Punjabi wedding traditions are a strong reflection of Punjabi culture with ritual, song, dance, food, and dress that have evolved over centuries.

Pre-wedding traditions

Rokka (pre-engagement)
Roka is one of the most significant ceremonies that take place before a Punjabi wedding. The roka ceremony marks the union of both the bride and groom's family and friends. Gifts from both families are acceptable at Rokka.

Kurmai (engagement)
Engagement is a significant part of a Punjabi wedding. First, the girl is draped with a fulkari (very decorative dupatta), which is usually very ornate. In some families this chunni is a family heirloom, passed down from generation to generation. She is also presented with jewellery, which her mother and sister-in-law help her wear. A tiny dot of henna paste (mehndi) is applied to her palm for good luck, and the function is sealed with the exchange of rings. The bride's father applies the tikka (forehead mark) to the groom's forehead and blesses him. Exchange of gifts takes place between the two families. Everyone present congratulates the couple by feeding them sweets.

Dholki/sangeet
There is a sangeet function hosted by the bride's family, in which just a few close members of the groom's family are invited. The bride's family play the dholak drums and sing songs in which they tease the groom and his family. Nowadays, people hire DJs and have a dance party, followed by dinner. A ladies sangeet/ cocktail is held for the bride and her bridesmaids.

Mehndi
The last major function before the wedding is decoration with temporary henna (mehndi) tattoos. This is often blended with the sangeet ceremony. Mehndi artists are called to the houses of the boy and girl and apply mehendi to the palms of the female family members, groom and the hands and feet of the bride. A basket containing Bindi and bangles is handed around so girls can choose those that match the outfit they plan to wear to the wedding. The Mehendi ceremony takes place in the atmosphere of a party. The bride and other ladies get mehendi (henna designs) done, on their hands and feet (most ladies get it done only on their hands but the bride gets it done on both hands and feet). For the bride the mehendi is sent by the future Mother in Law, which is beautifully decorated.

Common rituals

Rituals at the bride’s home

Choora: On the wedding day the rituals at the girl's home begin with the Choora ceremony. The oldest maternal uncle and aunt play an important role in the performance of the ceremony. Choora is basically a set of Red bangles, gifted by girl's mama (mother's brother).  People touch the choora and give their heartiest wishes to the girl for her future married life. Also, they sprinkle flower petals on the bride. After that, the girl's uncle, aunt, friends and cousins tie kaliras (silver, gold or gold plated traditional ornaments) to a bangle worn by the girl.

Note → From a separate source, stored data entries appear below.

section \<open>Quantiles of continuous distributions\<close>

lemma quantile_eq_if_less_left:
  assumes "\<And>y. y < x \<Longrightarrow> F y < F x"
  shows "quantile F (F x) = x"
  unfolding quantile_def
  by (rule cInf_eq_minimum) (use assms in \<open>auto simp flip: not_less\<close>)

lemma quantile_comp_eq:
  assumes mono: "mono_on {0..1} q" and F: "\<And>x. F x \<in> {0..1}" and t: "t \<in> {0..1}"
    and less: "\<And>s. s \<in> {0..<t} \<Longrightarrow> q s < q t"
  shows "quantile (\<lambda>x. q (F x)) (q t) = quantile F t"
proof -
  have "q t \<le> q (F y) \<longleftrightarrow> t \<le> F y" for y
    using F[of y] t less[of "F y"] mono_onD[OF mono, of t "F y"] by (auto simp: not_le[symmetric])
  then show ?thesis
    by (simp add: quantile_def)
qed

context real_distribution
begin

lemma continuous_on_cdf:
  assumes "\<And>x. measure M {x} = 0"
  shows "continuous_on UNIV (cdf M)"
  using isCont_cdf assms by (simp add: continuous_at_imp_continuous_on)

lemma cdf_quantile:
  assumes atoms: "\<And>x. measure M {x} = 0" and u: "0 < u" "u < 1"
  shows "cdf M (quantile (cdf M) u) = u"
proof -
  define A where "A = {x. u \<le> cdf M x}"
  have "eventually (\<lambda>x. u < cdf M x) at_top"
    using cdf_lim_at_top_prob u by (intro order_tendstoD) auto
  then have "A \<noteq> {}"
    by (auto simp: A_def eventually_at_top_linorder intro: less_imp_le)
  have "eventually (\<lambda>x. cdf M x < u) at_bot"
    using cdf_lim_at_bot u by (intro order_tendstoD) auto
  then obtain b where b: "\<And>x. x \<le> b \<Longrightarrow> cdf M x < u"
    by (auto simp: eventually_at_bot_linorder)
  then have below: "b < x" if "x \<in> A" for x
    using that by (force simp: A_def not_le[symmetric])
  then have bdd: "bdd_below A"
    by (auto simp: bdd_below_def intro: less_imp_le)
  have "closed A"
    unfolding A_def using continuous_on_cdf[OF atoms]
    by (intro closed_Collect_le) (auto intro: continuous_on_const)
  then have "Inf A \<in> A"
    using \<open>A \<noteq> {}\<close> bdd by (rule closed_contains_Inf[rotated 2])
  then obtain x where x: "b \<le> x" "x \<le> Inf A" "cdf M x = u"
    using IVT'[of "cdf M" b u "Inf A"] b[of b] below continuous_on_cdf[OF atoms]
    by (fastforce simp: A_def intro: continuous_on_subset)
  then have "Inf A \<le> x"
    by (intro cInf_lower bdd) (simp add: A_def)
  then show ?thesis
    using x by (simp add: quantile_def A_def)
qed

lemma AE_cdf_less_right_of:
  assumes atoms: "\<And>x. measure M {x} = 0"
  shows "AE x in M. r < x \<longrightarrow> x \<le> r + real n \<longrightarrow> cdf M r < cdf M x"
proof -
  define K where "K = {r..r + real n} \<inter> {x. cdf M x \<le> cdf M r}"
  have "closed {x. cdf M x \<le> cdf M r}"
    using continuous_on_cdf[OF atoms] by (intro closed_Collect_le) (auto intro: continuous_on_const)
  then have "compact K"
    unfolding K_def by (intro compact_Int_closed) auto
  moreover have "r \<in> K"
    by (simp add: K_def)
  ultimately obtain s where s: "s \<in> K" and s_max: "\<And>y. y \<in> K \<Longrightarrow> y \<le> s"
    using compact_attains_sup[of K] by blast
  have "r \<le> s" "cdf M s \<le> cdf M r"
    using s by (auto simp: K_def)
  then have "measure M {r<..s} = 0"
    using cdf_diff_eq[of r s] cdf_nondecreasing[of r s] by (cases "r < s") auto
  then have "AE x in M. x \<notin> {r<..s}"
    by (intro AE_not_in) (simp add: null_sets_def emeasure_eq_measure)
  then show ?thesis
  proof eventually_elim
    case (elim x)
    show ?case
    proof (intro impI)
      assume x: "r < x" "x \<le> r + real n"
      then have "x \<notin> K"
        using elim s_max[of x] by auto
      then show "cdf M r < cdf M x"
        using x by (auto simp: K_def)
    qed
  qed
qed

Mayian: This is the preparation ceremony one day before a Punjabi wedding. This ceremony is an evening festival, at the couple's parental homes. It consists of many rites, the Batna, Choora, Jaggo fireworks and sometimes the Ladies Sangeet and Mehndi. The mayian happens the night before the wedding and is celebrated according to which part of Punjab the participants are from. 

Vatna/Haldi: Four lamps or diyas are lit and the bride sits facing them. Oil is constantly poured into the lamps, so that the glow from the diyas is reflected on her face. Vatna involves applying a paste made from turmeric powder and mustard oil all over the bride's body by her female friends and relatives. This is done to make the bride look more beautiful on the most special day of her life. This ritual demands that the bride stay at home in her old clothes for a couple of days before her wedding. Ubtan is supposed to bring a glow to the bride's and groom's body, especially on their faces. This tradition is also known as Shaint in some cultures. After this ritual, the bride and groom are constrained from meeting each other until the wedding ceremony.

Ghara gharoli: A decorated pitcher of water (ghadoli) is brought for the bride's bath by the bride's bhabi (brother's wife). In the ghara gharoli ritual, the bride's sibling or sibling's spouse visits the nearby temple and fills a pitcher with holy water. The girl is then bathed with this holy water. Thereafter, the bride wears her wedding attire. The ghara gharoli and the vatna ceremonies take place at the groom's house too. But over there, the groom's sister-in-law brings the pitcher of water. As per the tradition, their wedding dress is presented to them by their respective maternal uncles.

Jaggo: In this ceremony, the family dances and sings in the beautifully decorated wedding home. Jaggo is celebrated in the last hours of the night. They decorate copper or brass vessel called khadaa with diveh (clay lamps) and fill them with mustard oil and light them. The bride or bridegroom's maternal aunt (mami) carries it on her head, and another woman will carry a long stick with bells, shaking it. The women will then go into other friends' and families' homes; after being welcomed by sweets and drinks, they dance there and move on. It is a loud ceremony, filled with joy, dancing, fireworks, and food. It is also practised in Pakistan.

Rituals at the grooms’s home

Sarvala: A young nephew or cousin dons the same attire as the groom. He is called the sarvala (caretaker of the groom) and accompanies him.

Sehra: Like the bride's home, the Vatna and Ghara Gharoli are followed by the dressing up of the groom in his wedding attire. After the groom has dressed up in his wedding clothes, a puja is performed. Thereafter, the groom's sister ties the sehra on the groom's head. After the completion of Sehrabandi ceremony, all those who witness the function give gifts and cash to the boy as a token of good luck.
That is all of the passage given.